# More Strings

Arguably one of the things Python does best is strings. It is capable of processing large strings en masse and doing operations on them. 

Today we will analyze a list of *puzzle words* that was compiled as part of the Moby lexicon project. This will also be our first example of Python working with files from our computer.

For this week we will use the url for the txt file in github. You can do this with files in Google Drive, One Drive, Dropbox, or any resources that lets you host files online and share them via a url.  Even a website would work.



## Google Colab

You need to use a module in order to read the file from a URL or use a module in order to read it from your Google Drive account. I like reading it from a URL because this means anyone with the .ipynb file can run the code and get the file. This method will work in Jupyter as well. Just choose the option you want and run that, and comment out the other one.

In [7]:
## Commenting this out - you would want to uncomment it if you are using Google Colab

from urllib.request import urlopen
words_file = urlopen('https://github.com/virgilpierce/CS_120/raw/main/CROSSWD.TXT')
# Github is public facing so I just add the link to the file I get by right clicking on the "Download" button for the file in Github and choosing copy url.

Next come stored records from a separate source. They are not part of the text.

(* Let $X$ and $Y$ be metric spaces and $\mathcal F\subseteq Y^X$. (1) If $\mathcal F$ has (PECP), then $\mathcal F$ is equi-Baire 1. (2) If $X$ is hereditarily Baire, then $\mathcal F$ is equi-Baire 1 if and only if $\mathcal F$ has (PECP).
   Context: Let $(X,\rho)$, $(Y,d)$ be metric spaces. $\mathcal F\subseteq Y^X$ is equi-Baire 1 if for every $\varepsilon>0$ there is $\delta_\varepsilon\colon X\to(0,\infty)$ such that for all $x,y\in X$ and all $f\in\mathcal F$, $\rho(x,y)<\min\{\delta_\varepsilon(x),\delta_\varepsilon(y)\}$ implies $d(f(x),f(y))<\varepsilon$. $\mathcal F$ has (PECP) if for every nonempty closed $F\subseteq X$ the family $\{f|_F:f\in\mathcal F\}$ has a point of equicontinuity, i.e. a point $x\in F$ such that for every $\varepsilon>0$ there is a neighborhood $U$ of $x$ with $d(f(x'),f(x))<\varepsilon$ for all $x'\in U\cap F$ and $f\in\mathcal F$. A space is hereditarily Baire if every nonempty closed subspace is a Baire space (every nonempty open subset nonmeager in itself). *)

theory Defs
  imports "HOL-Analysis.Analysis"
begin

definition equi_Baire1 :: "('a::metric_space \<Rightarrow> 'b::metric_space) set \<Rightarrow> bool" where
  "equi_Baire1 F \<longleftrightarrow>
     (\<forall>\<epsilon>>0. \<exists>\<delta>::'a \<Rightarrow> real. (\<forall>x. \<delta> x > 0) \<and>
        (\<forall>x y. \<forall>f\<in>F. dist x y < min (\<delta> x) (\<delta> y) \<longrightarrow> dist (f x) (f y) < \<epsilon>))"

definition equicont_point_on :: "('a::metric_space \<Rightarrow> 'b::metric_space) set \<Rightarrow> 'a set \<Rightarrow> 'a \<Rightarrow> bool" where
  "equicont_point_on F S x \<longleftrightarrow> x \<in> S \<and>
     (\<forall>\<epsilon>>0. \<exists>U. open U \<and> x \<in> U \<and> (\<forall>x'\<in>U \<inter> S. \<forall>f\<in>F. dist (f x') (f x) < \<epsilon>))"

definition PECP :: "('a::metric_space \<Rightarrow> 'b::metric_space) set \<Rightarrow> bool" where
  "PECP F \<longleftrightarrow> (\<forall>S. closed S \<and> S \<noteq> {} \<longrightarrow> (\<exists>x. equicont_point_on F S x))"

definition nowhere_dense_in :: "'a topology \<Rightarrow> 'a set \<Rightarrow> bool" where
  "nowhere_dense_in T A \<longleftrightarrow> A \<subseteq> topspace T \<and> T interior_of (T closure_of A) = {}"

definition meager_in :: "'a topology \<Rightarrow> 'a set \<Rightarrow> bool" where
  "meager_in T A \<longleftrightarrow> A \<subseteq> topspace T \<and>
     (\<exists>N::nat \<Rightarrow> 'a set. (\<forall>n. nowhere_dense_in T (N n)) \<and> A \<subseteq> (\<Union>n. N n))"

definition Baire_space :: "'a topology \<Rightarrow> bool" where
  "Baire_space T \<longleftrightarrow> (\<forall>U. openin T U \<and> U \<noteq> {} \<longrightarrow> \<not> meager_in T U)"

definition hereditarily_Baire :: "'a::topological_space itself \<Rightarrow> bool" where
  "hereditarily_Baire _ \<longleftrightarrow> (\<forall>S::'a set. closed S \<and> S \<noteq> {} \<longrightarrow> Baire_space (top_of_set S))"

end

theory Submission
  imports Defs
begin

(* (1) Fix \<epsilon> and let D remove from a closed set S the points near which F oscillates
   by less than \<epsilon> on S. By (PECP), D strictly shrinks every nonempty closed set, so the
   transfinite iteration of D starting from X exhausts X. Every x then has a last stage A x
   containing it, relative to which x has a neighbourhood of \<epsilon>-small oscillation; its
   radius is \<delta>(x). The stages are linearly ordered, so of two points closer than both radii
   one lies in the stage of the other, inside that neighbourhood.
   (2) Given a gauge \<delta> for \<epsilon> and a nonempty relatively open W of a closed S, the sets
   {\<delta> \<ge> 1/k} cover W, so by the Baire property one of them is dense in an open piece of W;
   points there are within 1/k of each other, hence within both radii, and F oscillates by
   at most 3\<epsilon> near them. So the points of small oscillation form dense open subsets of S,
   and a point in all of them (Baire again) is a point of equicontinuity. *)

section \<open>Transfinite iteration of a deflationary operator\<close>

(* The empty intersection makes UNIV the first stage. *)
inductive_set deflation_tower :: "('a set \<Rightarrow> 'a set) \<Rightarrow> 'a set set" for D where
  deflation_tower_step: "S \<in> deflation_tower D \<Longrightarrow> D S \<in> deflation_tower D"
| deflation_tower_Inter: "(\<And>S. S \<in> M \<Longrightarrow> S \<in> deflation_tower D) \<Longrightarrow> \<Inter>M \<in> deflation_tower D"

lemma deflation_tower_comparable_with:
  assumes deflationary: "\<And>S. D S \<subseteq> S"
    and A: "\<forall>B\<in>deflation_tower D. A \<subseteq> B \<longrightarrow> B = A \<or> A \<subseteq> D B"
    and "B \<in> deflation_tower D"
  shows "A \<subseteq> B \<or> B \<subseteq> D A"
  using \<open>B \<in> deflation_tower D\<close>
proof (induction B rule: deflation_tower.induct)
  case (deflation_tower_step C)
  then show ?case using A deflationary by blast
next
  case (deflation_tower_Inter M)
  then show ?case by blast
qed

lemma deflation_tower_above:
  assumes deflationary: "\<And>S. D S \<subseteq> S"
    and "A \<in> deflation_tower D"
  shows "\<forall>B\<in>deflation_tower D. A \<subseteq> B \<longrightarrow> B = A \<or> A \<subseteq> D B"
  using \<open>A \<in> deflation_tower D\<close>
proof (induction A rule: deflation_tower.induct)
  case (deflation_tower_step C)
  show ?case
  proof (intro ballI impI)
    fix B assume B: "B \<in> deflation_tower D" "D C \<subseteq> B"
    from deflation_tower_comparable_with[OF deflationary deflation_tower_step.IH B(1)]
    consider "C \<subseteq> B" | "B \<subseteq> D C" by blast
    then show "B = D C \<or> D C \<subseteq> D B"
    proof cases
      case 1
      with deflation_tower_step.IH B(1) have "B = C \<or> C \<subseteq> D B" by blast
      then show ?thesis using deflationary[of C] by blast
    next
      case 2
      with B(2) show ?thesis by blast
    qed
  qed
next
  case (deflation_tower_Inter M)
  show ?case
  proof (intro ballI impI)
    fix B assume B: "B \<in> deflation_tower D" "\<Inter>M \<subseteq> B"
    show "B = \<Inter>M \<or> \<Inter>M \<subseteq> D B"
    proof (cases "\<exists>C\<in>M. C \<subset> B")
      case True
      with deflation_tower_Inter.IH B(1) show ?thesis by blast
    next
      case False
      have "B \<subseteq> C" if "C \<in> M" for C
        using deflation_tower_comparable_with[OF deflationary _ B(1), of C]
          deflation_tower_Inter.IH that False deflationary[of C] by blast
      with B(2) show ?thesis by blast
    qed
  qed
qed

# If you get an error in Jupyter you either need to access the file using the cell above; or you need to install 
# the urllib module by using a Terminal and typing: pip install urllib

# Note that the urlopen does behave a little strangely. It is not loading the file all at once and instead queries the server line by line for it
# this will with a slow internet connection make this method slower than the open() above.


In [None]:
type(words_file)
# The type indicates that it is an Input/Output stream

In [None]:
[x for x in dir(words_file) if '_' != x[0]]
# Let's check what methods we have

In [None]:
help(words_file.readline)
# we can get information about a method

In [None]:
words_file.readline()
# each time we execute .readline() it reads the next line in the file as a string. Try it.

### Byte-Strings

The string you just got probably has a *b* in front of it. This is how Python designates
a type called a byte-string. Byte strings are how computers encode characters beyond the standard alphabet we are using, and because the internet is international
sites like Github have to deliver their content in byte-strings rather than regular strings.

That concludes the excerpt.